“For me, becoming isn’t about arriving somewhere or achieving a certain aim. I see it instead as forward motion, a means of evolving, a way to reach continuously toward a better self. The journey doesn’t end.”
– Michelle Obama, former (and my forever) First Lady of the United States
My “leadership” journey began in 2007. As a young mom to a 2-year-old son, equipped with a journalism degree from the illustrious Howard University, I walked confidently into the workforce as an Executive Assistant—the “right hand” to the highest position of power in the organization, our Chief Executive Officer (CEO).

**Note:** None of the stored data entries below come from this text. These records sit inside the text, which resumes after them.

(* Since every large cover is an open cover, S_c(O_nbd, Lambda) trivially implies S_c(O_nbd, O).
   For the converse, call a set V N-small if x^-1 y \<in> N for all x, y \<in> V.  A metrizable space
   has open neighbourhoods N_0, N_1, ... of the identity shrinking to it (every t <> 1 lies in
   only finitely many N_k), and by continuity of (x, y) |-> x^-1 y there are neighbourhoods W_k of
   the identity that are N_k-small, as are all their left translates.  Splitting the given
   sequence of covers O(U_n) into countably many rows via the pairing of nat and applying
   S_c(O_nbd, O) to row k with U_n shrunk to U_n \<inter> W_k yields open covers C_k consisting of
   N_k-small sets.  Since G has no isolated points, a member V \<ni> x contains a second point y, so
   V is N_k-small for only finitely many k; as x is covered by every C_k, it lies in infinitely
   many members of the union of the C_k, which is therefore a large cover. *)

definition disjoint_open_refinement :: "'a topology \<Rightarrow> 'a set set \<Rightarrow> 'a set set \<Rightarrow> bool" where
  "disjoint_open_refinement X \<B> \<A> \<longleftrightarrow>
     (\<forall>V\<in>\<B>. openin X V) \<and> pairwise disjnt \<B> \<and> (\<forall>V\<in>\<B>. \<exists>W\<in>\<A>. V \<subseteq> W)"

lemma S_c_iff:
  "S_c X \<A> \<B> \<longleftrightarrow>
     (\<forall>A :: nat \<Rightarrow> 'a set set. (\<forall>n. A n \<in> \<A>) \<longrightarrow>
        (\<exists>B :: nat \<Rightarrow> 'a set set. (\<forall>n. disjoint_open_refinement X (B n) (A n)) \<and> (\<Union>n. B n) \<in> \<B>))"
  unfolding S_c_def disjoint_open_refinement_def ..

lemma S_c_mono:
  assumes "S_c X \<A> \<B>" and "\<B> \<subseteq> \<B>'"
  shows "S_c X \<A> \<B>'"
  unfolding S_c_iff
proof (intro allI impI)
  fix A :: "nat \<Rightarrow> 'a set set" assume "\<forall>n. A n \<in> \<A>"
  then obtain B where "(\<forall>n. disjoint_open_refinement X (B n) (A n)) \<and> (\<Union>n. B n) \<in> \<B>"
    using assms(1) unfolding S_c_iff by blast
  then show "\<exists>B. (\<forall>n. disjoint_open_refinement X (B n) (A n)) \<and> (\<Union>n. B n) \<in> \<B>'"
    using assms(2) by blast
qed

lemma disjoint_open_refinement_coarsen:
  assumes "disjoint_open_refinement X \<B> \<A>'" and "\<forall>W'\<in>\<A>'. \<exists>W\<in>\<A>. W' \<subseteq> W"
  shows "disjoint_open_refinement X \<B> \<A>"
  using assms unfolding disjoint_open_refinement_def by (meson order_trans)

lemma S_c_rows:
  fixes A :: "'i \<Rightarrow> nat \<Rightarrow> 'a set set"
  assumes "S_c X \<A> \<B>" and "\<And>k m. A k m \<in> \<A>"
  shows "\<exists>B. (\<forall>k m. disjoint_open_refinement X (B k m) (A k m)) \<and> (\<forall>k. (\<Union>m. B k m) \<in> \<B>)"
proof -
  have "\<forall>k. \<exists>Bk. (\<forall>m. disjoint_open_refinement X (Bk m) (A k m)) \<and> (\<Union>m. Bk m) \<in> \<B>"
  proof
    fix k
    show "\<exists>Bk. (\<forall>m. disjoint_open_refinement X (Bk m) (A k m)) \<and> (\<Union>m. Bk m) \<in> \<B>"
      using assms(1)[unfolded S_c_iff, rule_format, of "A k"] assms(2) by blast
  qed
  then show ?thesis by metis
qed

lemma (in group) inv_mult_translate:
  assumes "a \<in> carrier G" "w1 \<in> carrier G" "w2 \<in> carrier G"
  shows "inv (a \<otimes> w1) \<otimes> (a \<otimes> w2) = inv w1 \<otimes> w2"
  using assms by (simp add: inv_mult_group m_assoc flip: m_assoc[of "inv a"])

lemma (in group) inv_mult_eq_one_imp_eq:
  assumes "x \<in> carrier G" "y \<in> carrier G" "inv x \<otimes> y = \<one>"
  shows "y = x"
  using assms by (metis inv_equality inv_inv inv_closed)

definition small_in :: "('a, 'b) monoid_scheme \<Rightarrow> 'a set \<Rightarrow> 'a set \<Rightarrow> bool" where
  "small_in G N V \<longleftrightarrow> (\<forall>y\<in>V. \<forall>z\<in>V. inv\<^bsub>G\<^esub> y \<otimes>\<^bsub>G\<^esub> z \<in> N)"

lemma (in group) small_in_translate:
  assumes "small_in G N W" "W \<subseteq> carrier G" "T \<in> translates_cover G W"
  shows "small_in G N T"
  unfolding small_in_def
proof (intro ballI)
  fix y z assume "y \<in> T" "z \<in> T"
  obtain a where a: "a \<in> carrier G" "T = a <# W"
    using assms(3) unfolding translates_cover_def by blast
  obtain w1 w2 where "w1 \<in> W" "w2 \<in> W" "y = a \<otimes> w1" "z = a \<otimes> w2"
    using \<open>y \<in> T\<close> \<open>z \<in> T\<close> a unfolding l_coset_def by blast
  moreover have "inv y \<otimes> z = inv w1 \<otimes> w2"
    using calculation inv_mult_translate a(1) assms(2) by blast
  ultimately show "inv y \<otimes> z \<in> N"
    using assms(1) unfolding small_in_def by simp
qed

lemma translates_cover_mono:
  assumes "U' \<subseteq> U" "T' \<in> translates_cover G U'"
  shows "\<exists>T\<in>translates_cover G U. T' \<subseteq> T"
  using assms unfolding translates_cover_def l_coset_def by blast

text \<open>Continuity of \<open>(x, y) \<mapsto> x\<^sup>-\<^sup>1y\<close> at \<open>(1, 1)\<close> gives, for each open neighbourhood \<open>N\<close> of the
  identity, an open neighbourhood \<open>W\<close> of the identity that is \<open>N\<close>-small.\<close>
lemma topological_group_small_nbhd:
  assumes tg: "topological_group G X" and N: "openin X N" "\<one>\<^bsub>G\<^esub> \<in> N"
  shows "\<exists>W. openin X W \<and> \<one>\<^bsub>G\<^esub> \<in> W \<and> small_in G N W"
proof -
  have grp: "group G" and top: "topspace X = carrier G"
    and mult: "continuous_map (prod_topology X X) X (\<lambda>(x, y). x \<otimes>\<^bsub>G\<^esub> y)"
    and inv: "continuous_map X X (\<lambda>x. inv\<^bsub>G\<^esub> x)"
    using tg by (auto simp: topological_group_def)
  define q where "q = (\<lambda>z. inv\<^bsub>G\<^esub> (fst z) \<otimes>\<^bsub>G\<^esub> snd z)"
  have "continuous_map (prod_topology X X) (prod_topology X X) (\<lambda>z. (inv\<^bsub>G\<^esub> (fst z), snd z))"
    by (intro continuous_map_pairedI continuous_map_compose[OF continuous_map_fst inv, unfolded o_def]
        continuous_map_snd)
  from continuous_map_compose[OF this mult]
  have "continuous_map (prod_topology X X) X q"
    by (simp add: o_def case_prod_beta q_def)
  then have "openin (prod_topology X X) {z \<in> topspace (prod_topology X X). q z \<in> N}"
    using N(1) by (rule openin_continuous_map_preimage)
  moreover have "(\<one>\<^bsub>G\<^esub>, \<one>\<^bsub>G\<^esub>) \<in> {z \<in> topspace (prod_topology X X). q z \<in> N}"
    using grp N(2) top by (simp add: q_def group.is_monoid monoid.inv_one)
  ultimately obtain U V where UV: "openin X U" "openin X V" "\<one>\<^bsub>G\<^esub> \<in> U" "\<one>\<^bsub>G\<^esub> \<in> V"
    "U \<times> V \<subseteq> {z \<in> topspace (prod_topology X X). q z \<in> N}"
    unfolding openin_prod_topology_alt by meson
  show ?thesis
    unfolding small_in_def
  proof (intro exI conjI ballI)
    show "openin X (U \<inter> V)" "\<one>\<^bsub>G\<^esub> \<in> U \<inter> V" using UV by auto
    fix w1 w2 assume "w1 \<in> U \<inter> V" "w2 \<in> U \<inter> V"
    then show "inv\<^bsub>G\<^esub> w1 \<otimes>\<^bsub>G\<^esub> w2 \<in> N" using UV(5) by (force simp: q_def)
  qed
qed

definition shrinking_nbhds :: "'a topology \<Rightarrow> 'a \<Rightarrow> (nat \<Rightarrow> 'a set) \<Rightarrow> bool" where
  "shrinking_nbhds X x N \<longleftrightarrow>
     (\<forall>k. openin X (N k) \<and> x \<in> N k) \<and> (\<forall>y\<in>topspace X. y \<noteq> x \<longrightarrow> finite {k. y \<in> N k})"

text \<open>In a metric space the balls of radius \<open>1/(k+1)\<close> shrink to their centre.\<close>
lemma metrizable_shrinking_nbhds:
  assumes "metrizable_space X" "x \<in> topspace X"
  shows "\<exists>N. shrinking_nbhds X x N"
proof -
  obtain M d where ms: "Metric_space M d" and X: "X = Metric_space.mtopology M d"
    using assms(1) unfolding metrizable_space_def by blast
  interpret Metric_space M d by (fact ms)
  have xM: "x \<in> M" using assms(2) X by simp
  define N where "N k = mball x (1 / real (Suc k))" for k
  have "finite {k. y \<in> N k}" if "y \<in> M" "y \<noteq> x" for y
  proof -
    have "0 < d x y" using that xM by simp
    then obtain K where K: "inverse (real (Suc K)) < d x y"
      using reals_Archimedean by blast
    have "{k. y \<in> N k} \<subseteq> {..<K}"
    proof
      fix k assume "k \<in> {k. y \<in> N k}"
      then have "d x y < 1 / real (Suc k)" by (simp add: N_def)
      show "k \<in> {..<K}"
      proof (rule ccontr)
        assume "k \<notin> {..<K}"
        then have "1 / real (Suc k) \<le> inverse (real (Suc K))"
          by (simp add: divide_inverse frac_le)
        with K \<open>d x y < 1 / real (Suc k)\<close> show False by linarith
      qed
    qed
    then show ?thesis using finite_subset by blast
  qed
  moreover have "openin X (N k) \<and> x \<in> N k" for k
    using xM by (simp add: N_def X)
  moreover have "topspace X = M" using X by simp
  ultimately have "shrinking_nbhds X x N" unfolding shrinking_nbhds_def by blast
  then show ?thesis by blast
qed

lemma infinitely_many_from_levels:
  fixes C :: "nat \<Rightarrow> 'a set set"
  assumes cov: "\<And>k. x \<in> \<Union>(C k)" and fin: "\<And>V. x \<in> V \<Longrightarrow> finite {k. V \<in> C k}"
  shows "infinite {V \<in> (\<Union>k. C k). x \<in> V}" (is "infinite ?S")
proof
  assume S: "finite ?S"
  have "UNIV \<subseteq> (\<Union>V\<in>?S. {k. V \<in> C k})"
  proof
    fix k :: nat
    obtain V where "V \<in> C k" "x \<in> V" using cov[of k] by blast
    then show "k \<in> (\<Union>V\<in>?S. {k. V \<in> C k})" by blast
  qed
  moreover have "finite (\<Union>V\<in>?S. {k. V \<in> C k})"
    using S fin by (intro finite_UN_I) auto
  ultimately have "finite (UNIV :: nat set)" by (rule finite_subset)
  then show False by simp
qed

text \<open>For this,
  each \<open>O(U\<^sub>n)\<close> is replaced by \<open>O(U\<^sub>n \<inter> W\<^sub>k)\<close> with \<open>W\<^sub>k\<^sup>-\<^sup>1W\<^sub>k \<subseteq> N k\<close>.\<close>
lemma S_c_open_small_rows:
  fixes A :: "nat \<Rightarrow> 'a set set" and N :: "nat \<Rightarrow> 'a set"
  assumes tg: "topological_group G X" and N: "\<And>k. openin X (N k) \<and> \<one>\<^bsub>G\<^esub> \<in> N k"
    and open_sel: "S_c X (O_nbd G X) (open_covers X)" and A: "\<And>n. A n \<in> O_nbd G X"
  shows "\<exists>B. (\<forall>k m. disjoint_open_refinement X (B k m) (A (prod_encode (k, m)))) \<and>
             (\<forall>k. (\<Union>m. B k m) \<in> open_covers X) \<and> (\<forall>k m. \<forall>V\<in>B k m. small_in G (N k) V)"
proof -
  have grp: "group G" and top: "topspace X = carrier G"
    using tg by (auto simp: topological_group_def)
  have "\<forall>n. \<exists>U. openin X U \<and> \<one>\<^bsub>G\<^esub> \<in> U \<and> A n = translates_cover G U"
    using A unfolding O_nbd_def by blast
  then obtain U where U: "\<And>n. openin X (U n) \<and> \<one>\<^bsub>G\<^esub> \<in> U n \<and> A n = translates_cover G (U n)"
    by (auto dest!: choice)
  have "\<forall>k. \<exists>W. openin X W \<and> \<one>\<^bsub>G\<^esub> \<in> W \<and> small_in G (N k) W"
    using topological_group_small_nbhd[OF tg] N by blast
  then obtain W where W: "\<And>k. openin X (W k) \<and> \<one>\<^bsub>G\<^esub> \<in> W k \<and> small_in G (N k) (W k)"
    by (auto dest!: choice)
  define U' where "U' k m = U (prod_encode (k, m)) \<inter> W k" for k m
  have U'_nbhd: "openin X (U' k m) \<and> \<one>\<^bsub>G\<^esub> \<in> U' k m" for k m
    using U W unfolding U'_def by auto
  then have "translates_cover G (U' k m) \<in> O_nbd G X" for k m
    unfolding O_nbd_def by blast
  then obtain B where B: "\<And>k m. disjoint_open_refinement X (B k m) (translates_cover G (U' k m))"
    and B_cover: "\<And>k. (\<Union>m. B k m) \<in> open_covers X"
    using S_c_rows[OF open_sel, of "\<lambda>k m. translates_cover G (U' k m)"] by blast
  have "disjoint_open_refinement X (B k m) (A (prod_encode (k, m)))" for k m
  proof (rule disjoint_open_refinement_coarsen[OF B], intro ballI)
    fix T' assume T': "T' \<in> translates_cover G (U' k m)"
    have "U' k m \<subseteq> U (prod_encode (k, m))" unfolding U'_def by blast
    then show "\<exists>T\<in>A (prod_encode (k, m)). T' \<subseteq> T"
      using translates_cover_mono[OF _ T'] U[of "prod_encode (k, m)"] by simp
  qed
  moreover have "small_in G (N k) V" if "V \<in> B k m" for V k m
  proof -
    obtain T where T: "T \<in> translates_cover G (U' k m)" "V \<subseteq> T"
      using B \<open>V \<in> B k m\<close> unfolding disjoint_open_refinement_def by blast
    have "small_in G (N k) (U' k m)"
      using W[of k] unfolding U'_def small_in_def by blast
    moreover have "U' k m \<subseteq> carrier G"
      using U'_nbhd[of k m] openin_subset top by blast
    ultimately
    have "small_in G (N k) T" using group.small_in_translate[OF grp] T(1) by blast
    then show ?thesis using T(2) unfolding small_in_def by blast
  qed
  ultimately show ?thesis using B_cover by blast
qed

It took me a while to recognize it, but it was this level of proximity and access, together with my own curiosity, that would inform so much of my leadership style today. Working this closely with the CEO, I observed and developed some good habits, like the importance of building genuine relationships, prioritizing your schedule, and ensuring that everyone feels seen and heard as a part of the decision-making process.
On the flip side, I learned some bad habits too, like working more than eight hours a day, more than 40 hours a week—working so hard to keep the vision, mission, and bottom line afloat that you immerse yourself so deeply into work that you eventually blur those lines between career and family.
When I began this journey, it wasn’t my intent to raise my son in the C-Suite, but I did: he spent many nights doing homework and eating dinner in the conference room of our Executive Office, and he got to know my colleagues and even a few of our Board Members.
This work would eventually become so personal to me that I would lack balance, boundaries, and the practices to help me sustain a healthy lifestyle as I navigated my way up the career ladder. Above all, I focused on leaping past the “broken rung”—that critical “first step up from entry-level position to manager, which recent reports are showing is the missed promotion opportunity that winds up holding women back for the rest of their careers” (McKinsey & Co. and LeanIn.org, 2021).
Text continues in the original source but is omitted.